Income tax returns: Government notifies new and simplified ITR forms
NEW DELHI: The Income Tax department has notified the new set of ITR forms, including a three-page simplified one, for taxpayers to file their returns for assessment year 2015-16.

With the Finance Ministry publishing the gazette order yesterday, taxpayers and other entities can now file their Income Tax Returns (ITR) till August 31, the new deadline set in this regard by the government after it dropped the earlier forms which had attracted criticism for seeking numerous additional details like that of filers' foreign travel and about dormant bank accounts.

The most simplified form, ITR-2A, to be filled by those individuals and HUFs who do not have income from either business, profession or by way of capital gains and do not hold foreign assets, only asks for the passport number of the tax-filer, with the words "if available".
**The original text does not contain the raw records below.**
lemma goedel_mipc_axiom:
  assumes "\<phi> \<in> mipc_axioms"
  shows "G \<turnstile> goedel (isubst s \<phi>)"
proof -
  define a b where "a = goedel (s 0)" and "b = goedel (s (Suc 0))"
  have "G \<turnstile> CImp (CBox (CAll (CAnd a b))) (CAnd (CBox (CAll a)) (CBox (CAll b)))"
    by (rule imp_trans[OF box_mono[OF all_CAnd] box_CAnd])
  moreover have "G \<turnstile> CImp (CAnd (CBox (CAll a)) (CBox (CAll b))) (CBox (CAll (CAnd a b)))"
    by (rule imp_trans[OF CAnd_box box_mono[OF CAnd_all]])
  moreover have "G \<turnstile> CImp (CBox (CAll a)) a"
    by (rule imp_trans[OF box_T all_T])
  moreover have "G \<turnstile> CImp (CBox (CAll a)) (CBox (CAll (CBox (CAll a))))"
    by (rule imp_trans[OF box_4 box_mono[OF box_all_imp_all_box_all]])
  moreover have "G \<turnstile> CImp (CAnd (CEx a) (CEx b)) (CEx (CAnd (CEx a) b))"
    by (rule imp_trans[OF _ all_ex_CAnd], rule taut_cons1[OF ex_imp_all_ex[where a=a]]) auto
  moreover have "G \<turnstile> CImp (CEx a) (CBox (CAll (CEx a)))"
    using stable_CEx[OF stable_goedel] unfolding stable_def a_def
    by (rule imp_trans[OF _ box_mono[OF ex_imp_all_ex]])
  moreover note ex_COr COr_ex imp_ex ex_ex ex_box_all_imp_box_all
  ultimately show ?thesis
    using assms unfolding mipc_axioms_def
    by (auto simp: IIff_def a_def[symmetric] b_def[symmetric]
        intro!: provable_CAnd box_imp_intro)
qed

lemma isubst_isubst: "isubst s (isubst s' \<phi>) = isubst (\<lambda>n. isubst s (s' n)) \<phi>"
  by (induct \<phi>) simp_all

lemma isubst_IAt: "isubst IAt \<phi> = \<phi>"
  by (induct \<phi>) simp_all

lemma ipc_axiom_isubst: "ipc_axiom \<phi> \<Longrightarrow> ipc_axiom (isubst s \<phi>)"
  by (induct rule: ipc_axiom.induct) (auto intro: ipc_axiom.intros)

lemma goedel_MIPC_ext:
  assumes "\<phi> \<in> MIPC_ext H"
    and extra: "\<And>\<psi> s. \<psi> \<in> H \<Longrightarrow> G \<turnstile> goedel (isubst s \<psi>)"
  shows "G \<turnstile> goedel (isubst s \<phi>)"
  using assms(1)
proof (induct arbitrary: s rule: MIPC_ext.induct)
  case (ipc \<phi>)
  then show ?case by (intro goedel_ipc_axiom ipc_axiom_isubst)
next
  case (ax \<phi>)
  then show ?case by (rule goedel_mipc_axiom)
next
  case (extra \<phi>)
  then show ?case by (rule assms(2))
next
  case (mp \<phi> \<psi>)
  have "G \<turnstile> CBox (COr (CNeg (goedel (isubst s \<phi>))) (goedel (isubst s \<psi>)))"
    using mp.hyps(4)[of s] by simp
  with mp.hyps(2) show ?case
    using box_imp_elim by (rule taut_cons3) auto
next
  case (subst \<phi> s')
  show ?case using subst.hyps(2)[of "\<lambda>n. isubst s (s' n)"] by (simp add: isubst_isubst)
next
  case (nec \<phi>)
  show ?case using nec.hyps(2)[of s] by (simp add: MS4_ext.nec_box MS4_ext.nec_all)
qed

section \<open>Kuroda's axiom in MGrz and LKur\<close>

definition grz_axiom :: cfm where
  "grz_axiom = CImp (CBox (CImp (CBox (CImp cp (CBox cp))) cp)) cp"

definition lkur_axiom :: cfm where
  "lkur_axiom = CImp (CBox (CAll (CDia (CBox cp)))) (CDia (CAll cp))"

definition kur_axiom :: ifm where
  "kur_axiom = IImp (IAll (INeg (INeg ip))) (INeg (INeg (IAll ip)))"

definition goedel_not :: "cfm \<Rightarrow> cfm" where
  "goedel_not a = CBox (COr (CNeg a) CBot)"

lemma goedel_isubst_kur_axiom:
  "goedel (isubst s kur_axiom) =
    CBox (COr (CNeg (CBox (CAll (goedel_not (goedel_not (goedel (s 0)))))))
      (goedel_not (goedel_not (CBox (CAll (goedel (s 0)))))))"
  by (simp add: kur_axiom_def INeg_def goedel_not_def)

lemma goedel_not_not_imp_dia: "G \<turnstile> CImp (goedel_not (goedel_not a)) (CDia a)"
proof -
  have "G \<turnstile> CImp (goedel_not (goedel_not a)) (CNeg (goedel_not a))"
    unfolding goedel_not_def[of "goedel_not a"]
    by (rule taut_cons1[OF box_T[where a="COr (CNeg (goedel_not a)) CBot"]]) auto
  moreover have "G \<turnstile> CImp (CBox (CNeg a)) (goedel_not a)"
    unfolding goedel_not_def by (intro box_mono tautology_provable) simp
  ultimately show ?thesis by (rule taut_cons2) auto
qed

lemma box_dia_imp_goedel_not_not: "G \<turnstile> CImp (CBox (CDia a)) (goedel_not (goedel_not a))"
proof -
  have "G \<turnstile> CImp (goedel_not a) (CBox (CNeg a))"
    unfolding goedel_not_def by (intro box_mono tautology_provable) simp
  then have "G \<turnstile> CImp (CDia a) (COr (CNeg (goedel_not a)) CBot)"
    by (rule taut_cons1) auto
  then show ?thesis
    unfolding goedel_not_def[of "goedel_not a"] by (rule box_mono)
qed

text \<open>Grz applied to \<open>\<not> a\<close> shows that every \<open>a\<close>-world sees an \<open>a\<close>-world satisfying
  \<open>q = \<box>(\<not> a \<longrightarrow> \<box>\<not> a)\<close>; under \<open>\<box>\<diamond>a\<close>, \<open>\<box>a\<close> holds there.\<close>
lemma grz_imp_mckinsey:
  assumes "G \<turnstile> grz_axiom"
  shows "G \<turnstile> CImp (CBox (CDia a)) (CDia (CBox a))"
proof -
  define q where "q = CBox (CImp (CNeg a) (CBox (CNeg a)))"
  have "G \<turnstile> CImp (CBox (CImp q (CNeg a))) (CNeg a)"
    using MS4_ext.subst[OF assms, of "subst_pq (CNeg a) a"] by (simp add: grz_axiom_def q_def)
  moreover have "G \<turnstile> CImp (CBox (CNeg (CAnd q a))) (CBox (CImp q (CNeg a)))"
    by (intro box_mono tautology_provable) auto
  ultimately have "G \<turnstile> CImp a (CDia (CAnd q a))"
    by (rule taut_cons2) auto
  then have "G \<turnstile> CImp (CDia a) (CDia (CAnd q a))"
    by (rule imp_trans[OF dia_mono dia_dia])
  then have "G \<turnstile> CImp (CBox (CDia a)) (CAnd (CDia (CAnd q a)) (CBox (CBox (CDia a))))"
    using box_T box_4 by (rule taut_cons3) auto
  moreover have "G \<turnstile> CImp (CAnd q (CBox (CDia a))) (CBox a)"
    unfolding q_def by (intro box_mono2 tautology_provable) auto
  then have "G \<turnstile> CImp (CDia (CAnd (CAnd q a) (CBox (CDia a)))) (CDia (CBox a))"
    by (intro dia_mono, elim taut_cons1) auto
  ultimately show ?thesis
    using dia_box_CAnd by (blast intro: imp_trans)
qed

lemma goedel_kur_instance:
  assumes grz: "G \<turnstile> grz_axiom" and lkur: "G \<turnstile> lkur_axiom" and "stable G a"
  shows "G \<turnstile> CImp (CBox (CAll (goedel_not (goedel_not a)))) (goedel_not (goedel_not (CBox (CAll a))))"
proof -
  let ?hyp = "CBox (CAll (goedel_not (goedel_not a)))"
  have "G \<turnstile> CImp (goedel_not (goedel_not a)) (CDia (CBox a))"
    using \<open>stable G a\<close> unfolding stable_def by (rule imp_trans[OF goedel_not_not_imp_dia dia_mono])
  moreover have "G \<turnstile> CImp (CBox (CAll (CDia (CBox a)))) (CDia (CAll a))"
    using MS4_ext.subst[OF lkur, of "subst_pq a a"] by (simp add: lkur_axiom_def)
  ultimately have "G \<turnstile> CImp ?hyp (CDia (CAll a))"
    by (blast intro: imp_trans box_mono all_mono)
  then have "G \<turnstile> CImp ?hyp (CBox (CDia (CAll a)))"
    by (rule imp_trans[OF box_4 box_mono])
  then have "G \<turnstile> CImp ?hyp (CDia (CBox (CAll a)))"
    by (rule imp_trans[OF _ grz_imp_mckinsey[OF grz]])
  then have "G \<turnstile> CImp ?hyp (CBox (CDia (CBox (CAll a))))"
    by (rule imp_trans[OF box_4 box_mono])
  then show ?thesis
    by (rule imp_trans[OF _ box_dia_imp_goedel_not_not])
qed

lemma goedel_Kur:
  assumes "G \<turnstile> grz_axiom" and "G \<turnstile> lkur_axiom" and "\<phi> \<in> Kur"
  shows "G \<turnstile> goedel \<phi>"
proof -
  have "\<phi> \<in> MIPC_ext {kur_axiom}"
    using assms(3) by (simp add: Kur_def kur_axiom_def)
  then have "G \<turnstile> goedel (isubst IAt \<phi>)"
  proof (rule goedel_MIPC_ext)
    fix \<psi> s
    assume "\<psi> \<in> {kur_axiom}"
    then show "G \<turnstile> goedel (isubst s \<psi>)"
      using goedel_kur_instance[OF assms(1,2) stable_goedel]
      by (simp add: goedel_isubst_kur_axiom box_imp_intro)
  qed
  then show ?thesis by (simp add: isubst_IAt)
qed

lemma lkur_axiom_if_goedel_kur_axiom:
  assumes "G \<turnstile> goedel kur_axiom"
  shows "G \<turnstile> lkur_axiom"
proof -
  let ?a = "CBox cp"
  have "G \<turnstile> CBox (COr (CNeg (CBox (CAll (goedel_not (goedel_not ?a)))))
                (goedel_not (goedel_not (CBox (CAll ?a)))))"
    using assms goedel_isubst_kur_axiom[of IAt] by (simp add: isubst_IAt)
  then have "G \<turnstile> CImp (CBox (CAll (goedel_not (goedel_not ?a)))) (goedel_not (goedel_not (CBox (CAll ?a))))"
    by (rule taut_cons1[OF MS4_ext.mp[OF _ box_T]]) auto
  moreover have "G \<turnstile> CImp (CBox (CAll (CDia ?a))) (CBox (CAll (goedel_not (goedel_not ?a))))"
    by (rule imp_trans[OF box_4 box_mono[OF imp_trans[OF box_all_imp_all_box all_mono[OF box_dia_imp_goedel_not_not]]]])
  moreover have "G \<turnstile> CImp (goedel_not (goedel_not (CBox (CAll ?a)))) (CDia (CAll cp))"
    by (rule imp_trans[OF goedel_not_not_imp_dia dia_mono[OF imp_trans[OF box_T all_mono[OF box_T]]]])
  ultimately show ?thesis
    unfolding lkur_axiom_def by (blast intro: imp_trans)
qed

section \<open>Kripke semantics and a countermodel\<close>

primrec holds :: "('w \<Rightarrow> 'w \<Rightarrow> bool) \<Rightarrow> ('w \<Rightarrow> 'w \<Rightarrow> bool) \<Rightarrow> (nat \<Rightarrow> 'w set) \<Rightarrow> cfm \<Rightarrow> 'w \<Rightarrow> bool"
  where
  "holds R E V CBot w = False"
| "holds R E V (CAt n) w = (w \<in> V n)"
| "holds R E V (CAnd a b) w = (holds R E V a w \<and> holds R E V b w)"
| "holds R E V (COr a b) w = (holds R E V a w \<or> holds R E V b w)"
| "holds R E V (CImp a b) w = (holds R E V a w \<longrightarrow> holds R E V b w)"
| "holds R E V (CBox a) w = (\<forall>u. R w u \<longrightarrow> holds R E V a u)"
| "holds R E V (CAll a) w = (\<forall>u. E w u \<longrightarrow> holds R E V a u)"

lemma holds_CNeg [simp]: "holds R E V (CNeg a) w = (\<not> holds R E V a w)"
  by (simp add: CNeg_def)

lemma holds_CDia [simp]: "holds R E V (CDia a) w = (\<exists>u. R w u \<and> holds R E V a u)"
  by (simp add: CDia_def)

lemma holds_CEx [simp]: "holds R E V (CEx a) w = (\<exists>u. E w u \<and> holds R E V a u)"
  by (simp add: CEx_def)

lemma holds_csubst: "holds R E V (csubst s a) w = holds R E (\<lambda>n. {u. holds R E V (s n) u}) a w"
  by (induct a arbitrary: w) auto

definition valid_in :: "('w \<Rightarrow> 'w \<Rightarrow> bool) \<Rightarrow> ('w \<Rightarrow> 'w \<Rightarrow> bool) \<Rightarrow> cfm \<Rightarrow> bool" where
  "valid_in R E a \<longleftrightarrow> (\<forall>V w. holds R E V a w)"

definition ms4_frame :: "('w \<Rightarrow> 'w \<Rightarrow> bool) \<Rightarrow> ('w \<Rightarrow> 'w \<Rightarrow> bool) \<Rightarrow> bool" where
  "ms4_frame R E \<longleftrightarrow> reflp R \<and> transp R \<and> equivp E \<and>
    (\<forall>w v u. E w v \<and> R v u \<longrightarrow> (\<exists>x. R w x \<and> E x u))"

lemma ms4_axioms_valid:
  assumes "ms4_frame R E" and "a \<in> ms4_axioms"
  shows "valid_in R E a"
proof -
  have R_refl: "R w w" and R_trans: "R w v \<Longrightarrow> R v u \<Longrightarrow> R w u"
    and E_refl: "E w w" and E_sym: "E w v \<Longrightarrow> E v w" and E_trans: "E w v \<Longrightarrow> E v u \<Longrightarrow> E w u"
    and commute: "E w v \<Longrightarrow> R v u \<Longrightarrow> \<exists>x. R w x \<and> E x u" for w v u
    using assms(1) unfolding ms4_frame_def equivp_reflp_symp_transp
    by (blast dest: reflpD sympD transpD)+
  show ?thesis
    using assms(2) unfolding ms4_axioms_def valid_in_def
    by (auto; meson R_refl R_trans E_refl E_sym E_trans commute)
qed

lemma MS4_ext_sound:
  assumes "ms4_frame R E" and "\<forall>g\<in>G. valid_in R E g" and "a \<in> MS4_ext G"
  shows "valid_in R E a"
  using assms(3)
proof (induct rule: MS4_ext.induct)
  case (cpc a)
  then show ?case by (cases rule: cpc_axiom.cases) (auto simp: valid_in_def)
next
  case (ax a)
  then show ?case by (rule ms4_axioms_valid[OF assms(1)])
next
  case (extra a)
  then show ?case using assms(2) by blast
qed (auto simp: valid_in_def holds_csubst)

datatype point = W0 | W1 | W2

lemma all_point: "(\<forall>w. P w) \<longleftrightarrow> P W0 \<and> P W1 \<and> P W2"
  by (metis point.exhaust)

lemma ex_point: "(\<exists>w. P w) \<longleftrightarrow> P W0 \<or> P W1 \<or> P W2"
  by (metis point.exhaust)

text \<open>\<open>W1\<close> lies below the cluster \<open>{W0, W2}\<close>; the \<open>E\<close>-classes are \<open>{W0}\<close> and \<open>{W1, W2}\<close>.\<close>
definition R3 :: "point \<Rightarrow> point \<Rightarrow> bool" where
  "R3 w u \<longleftrightarrow> w = W1 \<or> u \<noteq> W1"

definition E3 :: "point \<Rightarrow> point \<Rightarrow> bool" where
  "E3 w u \<longleftrightarrow> w = u \<or> (w \<noteq> W0 \<and> u \<noteq> W0)"

lemma ms4_frame_R3_E3: "ms4_frame R3 E3"
  unfolding ms4_frame_def equivp_reflp_symp_transp reflp_def symp_def transp_def
  by (simp add: all_point ex_point R3_def E3_def)

lemma lkur_axiom_valid_in_R3_E3: "valid_in R3 E3 lkur_axiom"
  unfolding valid_in_def lkur_axiom_def
  by (auto simp: all_point ex_point R3_def E3_def)

lemma goedel_kur_axiom_fails_at_W1: "\<not> holds R3 E3 (\<lambda>_. {W0, W2}) (goedel kur_axiom) W1"
  by (simp add: kur_axiom_def INeg_def all_point ex_point R3_def E3_def)

lemma goedel_kur_axiom_notin_LKur: "goedel kur_axiom \<notin> LKur"
proof
  assume "goedel kur_axiom \<in> LKur"
  then have "valid_in R3 E3 (goedel kur_axiom)"
    unfolding LKur_def lkur_axiom_def[symmetric]
    by (rule MS4_ext_sound[OF ms4_frame_R3_E3, rotated]) (simp add: lkur_axiom_valid_in_R3_E3)
  with goedel_kur_axiom_fails_at_W1 show False
    unfolding valid_in_def by blast
qed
Filers now will have to declare only about the "total number of savings and current bank accounts" held by them "at any time during the previous year (excluding dormant accounts)."

The form also has space to fill up the IFSC code of the bank and in an additional feature, tax filers have been given an option to indicate their bank accounts in which they would want their refund credited.

The I-T department, in the new ITRs, has also sought the Aadhaar number of filers and has also given options for providing two email ids to it.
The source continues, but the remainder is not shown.